• Activity: Restate the lines exactly, starting at the line that contains "by (simp add: rel_indices_def card_image)" and finishing with the final line of the records.

[Saved data entries]
● ● ●
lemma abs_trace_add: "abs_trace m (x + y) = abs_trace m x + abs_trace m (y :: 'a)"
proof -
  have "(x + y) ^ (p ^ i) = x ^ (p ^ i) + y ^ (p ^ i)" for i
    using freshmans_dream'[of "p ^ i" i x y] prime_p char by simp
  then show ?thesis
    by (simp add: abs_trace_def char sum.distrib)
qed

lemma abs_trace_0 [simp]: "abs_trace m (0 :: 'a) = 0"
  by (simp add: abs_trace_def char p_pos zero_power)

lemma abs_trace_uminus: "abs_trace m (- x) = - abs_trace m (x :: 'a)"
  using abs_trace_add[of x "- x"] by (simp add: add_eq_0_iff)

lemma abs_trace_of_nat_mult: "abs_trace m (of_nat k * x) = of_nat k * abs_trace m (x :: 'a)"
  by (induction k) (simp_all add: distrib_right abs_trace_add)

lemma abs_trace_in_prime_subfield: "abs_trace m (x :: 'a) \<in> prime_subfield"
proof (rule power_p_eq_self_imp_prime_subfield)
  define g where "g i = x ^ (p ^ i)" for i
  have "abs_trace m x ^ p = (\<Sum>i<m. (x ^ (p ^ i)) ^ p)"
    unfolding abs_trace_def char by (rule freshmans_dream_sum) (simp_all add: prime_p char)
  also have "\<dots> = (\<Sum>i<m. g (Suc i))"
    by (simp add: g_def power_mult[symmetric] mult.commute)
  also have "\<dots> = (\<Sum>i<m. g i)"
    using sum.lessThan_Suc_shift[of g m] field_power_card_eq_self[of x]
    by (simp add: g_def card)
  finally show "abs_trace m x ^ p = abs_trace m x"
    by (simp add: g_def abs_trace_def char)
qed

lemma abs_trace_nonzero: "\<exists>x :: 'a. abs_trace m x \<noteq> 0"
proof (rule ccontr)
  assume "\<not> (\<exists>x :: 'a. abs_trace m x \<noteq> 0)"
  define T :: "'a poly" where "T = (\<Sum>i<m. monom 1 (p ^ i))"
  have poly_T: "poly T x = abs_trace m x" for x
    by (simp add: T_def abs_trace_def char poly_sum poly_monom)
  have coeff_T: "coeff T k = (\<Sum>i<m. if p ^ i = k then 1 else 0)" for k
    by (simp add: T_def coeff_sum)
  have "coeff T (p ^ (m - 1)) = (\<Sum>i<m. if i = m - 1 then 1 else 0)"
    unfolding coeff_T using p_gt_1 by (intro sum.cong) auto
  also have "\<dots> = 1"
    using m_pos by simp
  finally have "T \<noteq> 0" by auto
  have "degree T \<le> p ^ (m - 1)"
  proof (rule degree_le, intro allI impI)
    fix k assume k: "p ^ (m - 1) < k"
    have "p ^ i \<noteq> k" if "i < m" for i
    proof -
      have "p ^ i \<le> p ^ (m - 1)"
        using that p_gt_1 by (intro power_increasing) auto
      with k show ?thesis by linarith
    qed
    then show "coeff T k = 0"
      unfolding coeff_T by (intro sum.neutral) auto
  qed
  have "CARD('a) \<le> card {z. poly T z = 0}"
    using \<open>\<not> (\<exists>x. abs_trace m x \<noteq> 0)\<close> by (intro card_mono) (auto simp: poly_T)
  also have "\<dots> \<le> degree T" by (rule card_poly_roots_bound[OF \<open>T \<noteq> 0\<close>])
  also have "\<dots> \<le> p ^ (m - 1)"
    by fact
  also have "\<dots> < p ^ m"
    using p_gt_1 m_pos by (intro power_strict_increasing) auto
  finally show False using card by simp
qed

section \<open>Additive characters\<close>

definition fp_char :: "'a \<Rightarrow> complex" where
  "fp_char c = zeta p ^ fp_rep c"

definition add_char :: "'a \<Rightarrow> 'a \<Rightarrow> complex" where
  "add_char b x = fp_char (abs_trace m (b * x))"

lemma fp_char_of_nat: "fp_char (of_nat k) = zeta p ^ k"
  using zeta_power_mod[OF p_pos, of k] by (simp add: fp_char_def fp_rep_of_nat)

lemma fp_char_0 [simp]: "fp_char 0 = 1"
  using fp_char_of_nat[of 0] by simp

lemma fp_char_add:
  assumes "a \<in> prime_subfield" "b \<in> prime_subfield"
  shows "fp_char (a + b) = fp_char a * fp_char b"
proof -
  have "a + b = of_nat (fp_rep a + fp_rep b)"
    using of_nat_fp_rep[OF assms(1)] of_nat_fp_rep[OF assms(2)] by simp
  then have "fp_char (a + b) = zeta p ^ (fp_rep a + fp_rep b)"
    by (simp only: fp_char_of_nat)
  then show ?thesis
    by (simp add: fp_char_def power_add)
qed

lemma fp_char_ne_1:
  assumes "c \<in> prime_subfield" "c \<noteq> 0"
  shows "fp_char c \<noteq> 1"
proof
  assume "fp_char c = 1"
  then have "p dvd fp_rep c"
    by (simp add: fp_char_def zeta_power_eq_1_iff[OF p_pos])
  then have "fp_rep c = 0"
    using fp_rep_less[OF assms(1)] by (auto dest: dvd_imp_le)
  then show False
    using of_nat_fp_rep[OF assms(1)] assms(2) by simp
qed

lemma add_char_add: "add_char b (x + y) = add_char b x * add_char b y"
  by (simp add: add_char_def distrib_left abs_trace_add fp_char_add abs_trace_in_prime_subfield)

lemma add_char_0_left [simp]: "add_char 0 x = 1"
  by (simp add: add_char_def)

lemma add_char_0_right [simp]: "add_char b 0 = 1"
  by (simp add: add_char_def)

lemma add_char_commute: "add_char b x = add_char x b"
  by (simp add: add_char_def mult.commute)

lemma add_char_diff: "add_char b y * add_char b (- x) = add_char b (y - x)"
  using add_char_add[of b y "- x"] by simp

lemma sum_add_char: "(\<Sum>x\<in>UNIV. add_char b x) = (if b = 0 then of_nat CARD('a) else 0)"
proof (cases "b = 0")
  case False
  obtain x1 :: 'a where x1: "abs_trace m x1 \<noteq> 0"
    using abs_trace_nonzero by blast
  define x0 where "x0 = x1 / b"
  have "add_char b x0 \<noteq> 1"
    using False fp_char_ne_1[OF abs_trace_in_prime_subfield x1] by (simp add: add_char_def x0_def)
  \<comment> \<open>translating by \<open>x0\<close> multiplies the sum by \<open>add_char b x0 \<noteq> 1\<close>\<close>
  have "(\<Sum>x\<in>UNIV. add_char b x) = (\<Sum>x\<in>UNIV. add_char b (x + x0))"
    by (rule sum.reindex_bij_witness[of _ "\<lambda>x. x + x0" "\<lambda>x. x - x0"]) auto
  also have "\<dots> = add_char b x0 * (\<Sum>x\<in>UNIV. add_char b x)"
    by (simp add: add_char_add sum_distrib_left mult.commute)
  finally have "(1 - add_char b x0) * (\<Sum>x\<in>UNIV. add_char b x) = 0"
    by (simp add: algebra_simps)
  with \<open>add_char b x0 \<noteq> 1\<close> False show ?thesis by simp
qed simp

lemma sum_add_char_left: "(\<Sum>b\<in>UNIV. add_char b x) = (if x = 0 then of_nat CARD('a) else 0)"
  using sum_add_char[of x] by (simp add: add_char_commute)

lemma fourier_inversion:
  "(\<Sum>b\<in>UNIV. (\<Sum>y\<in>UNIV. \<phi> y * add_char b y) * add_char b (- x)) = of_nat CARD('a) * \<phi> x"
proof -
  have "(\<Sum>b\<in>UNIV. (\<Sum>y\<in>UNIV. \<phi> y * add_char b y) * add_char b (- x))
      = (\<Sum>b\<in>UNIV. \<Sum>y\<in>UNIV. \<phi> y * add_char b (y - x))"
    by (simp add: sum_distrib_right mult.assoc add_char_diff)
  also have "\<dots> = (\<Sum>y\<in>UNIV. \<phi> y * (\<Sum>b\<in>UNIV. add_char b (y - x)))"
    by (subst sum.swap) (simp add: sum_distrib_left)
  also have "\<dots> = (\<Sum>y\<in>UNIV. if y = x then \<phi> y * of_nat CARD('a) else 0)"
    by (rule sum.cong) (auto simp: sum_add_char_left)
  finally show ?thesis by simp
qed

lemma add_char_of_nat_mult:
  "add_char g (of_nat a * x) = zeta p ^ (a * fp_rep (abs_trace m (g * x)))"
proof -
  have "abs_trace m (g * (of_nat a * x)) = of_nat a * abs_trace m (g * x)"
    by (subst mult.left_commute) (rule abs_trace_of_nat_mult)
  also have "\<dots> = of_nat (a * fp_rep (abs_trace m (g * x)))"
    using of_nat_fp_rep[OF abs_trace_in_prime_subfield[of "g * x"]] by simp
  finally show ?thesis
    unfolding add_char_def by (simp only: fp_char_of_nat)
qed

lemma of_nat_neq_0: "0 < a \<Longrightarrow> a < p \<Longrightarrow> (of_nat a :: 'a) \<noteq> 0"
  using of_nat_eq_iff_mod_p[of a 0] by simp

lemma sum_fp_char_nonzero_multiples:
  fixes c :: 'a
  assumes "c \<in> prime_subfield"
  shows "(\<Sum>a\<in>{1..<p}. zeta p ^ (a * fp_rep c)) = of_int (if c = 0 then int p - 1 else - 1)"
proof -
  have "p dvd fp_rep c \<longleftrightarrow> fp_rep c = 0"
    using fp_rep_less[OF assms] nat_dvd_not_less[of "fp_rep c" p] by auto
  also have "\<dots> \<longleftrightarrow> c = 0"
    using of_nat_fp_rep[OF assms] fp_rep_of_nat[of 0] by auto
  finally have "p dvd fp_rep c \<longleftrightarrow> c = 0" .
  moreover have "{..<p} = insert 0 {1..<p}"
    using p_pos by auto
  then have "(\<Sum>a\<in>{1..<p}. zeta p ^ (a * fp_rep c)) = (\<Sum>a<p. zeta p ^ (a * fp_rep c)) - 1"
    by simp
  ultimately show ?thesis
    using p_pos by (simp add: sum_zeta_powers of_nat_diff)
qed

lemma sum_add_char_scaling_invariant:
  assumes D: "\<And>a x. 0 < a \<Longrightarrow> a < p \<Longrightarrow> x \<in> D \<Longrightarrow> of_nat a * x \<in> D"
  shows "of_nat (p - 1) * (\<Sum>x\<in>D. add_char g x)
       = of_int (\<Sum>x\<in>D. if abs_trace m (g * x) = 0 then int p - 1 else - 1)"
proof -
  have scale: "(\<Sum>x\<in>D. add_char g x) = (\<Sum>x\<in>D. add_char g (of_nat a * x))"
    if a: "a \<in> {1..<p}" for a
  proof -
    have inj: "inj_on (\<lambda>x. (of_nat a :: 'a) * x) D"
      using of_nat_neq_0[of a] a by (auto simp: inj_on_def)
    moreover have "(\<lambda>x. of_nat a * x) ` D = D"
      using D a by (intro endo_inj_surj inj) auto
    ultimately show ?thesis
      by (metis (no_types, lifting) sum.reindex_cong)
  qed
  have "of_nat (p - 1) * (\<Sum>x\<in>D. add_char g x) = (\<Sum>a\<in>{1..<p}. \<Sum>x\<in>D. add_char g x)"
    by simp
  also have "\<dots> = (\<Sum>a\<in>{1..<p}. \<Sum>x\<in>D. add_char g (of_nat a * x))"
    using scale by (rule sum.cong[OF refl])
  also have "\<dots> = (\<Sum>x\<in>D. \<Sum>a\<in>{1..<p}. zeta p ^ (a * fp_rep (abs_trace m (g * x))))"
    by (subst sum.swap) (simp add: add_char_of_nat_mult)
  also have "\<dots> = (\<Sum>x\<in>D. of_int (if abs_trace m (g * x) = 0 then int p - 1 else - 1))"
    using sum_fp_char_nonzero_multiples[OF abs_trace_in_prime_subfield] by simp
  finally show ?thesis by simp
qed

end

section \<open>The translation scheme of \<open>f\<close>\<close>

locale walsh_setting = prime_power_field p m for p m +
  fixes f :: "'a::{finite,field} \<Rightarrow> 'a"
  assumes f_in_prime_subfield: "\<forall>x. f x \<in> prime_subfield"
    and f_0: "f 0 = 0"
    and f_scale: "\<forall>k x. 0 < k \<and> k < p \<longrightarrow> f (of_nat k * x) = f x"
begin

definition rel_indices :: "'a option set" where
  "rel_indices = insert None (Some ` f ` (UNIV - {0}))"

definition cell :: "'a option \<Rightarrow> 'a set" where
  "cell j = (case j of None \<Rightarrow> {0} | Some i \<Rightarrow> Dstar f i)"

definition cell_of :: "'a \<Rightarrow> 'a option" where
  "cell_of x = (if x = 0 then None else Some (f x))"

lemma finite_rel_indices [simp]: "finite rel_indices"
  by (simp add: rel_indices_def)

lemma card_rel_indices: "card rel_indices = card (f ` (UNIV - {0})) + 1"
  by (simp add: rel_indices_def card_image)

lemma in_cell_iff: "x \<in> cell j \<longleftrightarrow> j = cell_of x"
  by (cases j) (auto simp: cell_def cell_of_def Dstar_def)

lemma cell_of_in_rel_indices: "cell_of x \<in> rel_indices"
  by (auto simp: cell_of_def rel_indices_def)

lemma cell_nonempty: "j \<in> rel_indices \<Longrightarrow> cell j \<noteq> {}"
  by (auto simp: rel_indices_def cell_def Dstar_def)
● ● ●
• Answer for the task:
  by (simp add: rel_indices_def card_image)

lemma in_cell_iff: "x \<in> cell j \<longleftrightarrow> j = cell_of x"
  by (cases j) (auto simp: cell_def cell_of_def Dstar_def)

lemma cell_of_in_rel_indices: "cell_of x \<in> rel_indices"
  by (auto simp: cell_of_def rel_indices_def)

lemma cell_nonempty: "j \<in> rel_indices \<Longrightarrow> cell j \<noteq> {}"
  by (auto simp: rel_indices_def cell_def Dstar_def)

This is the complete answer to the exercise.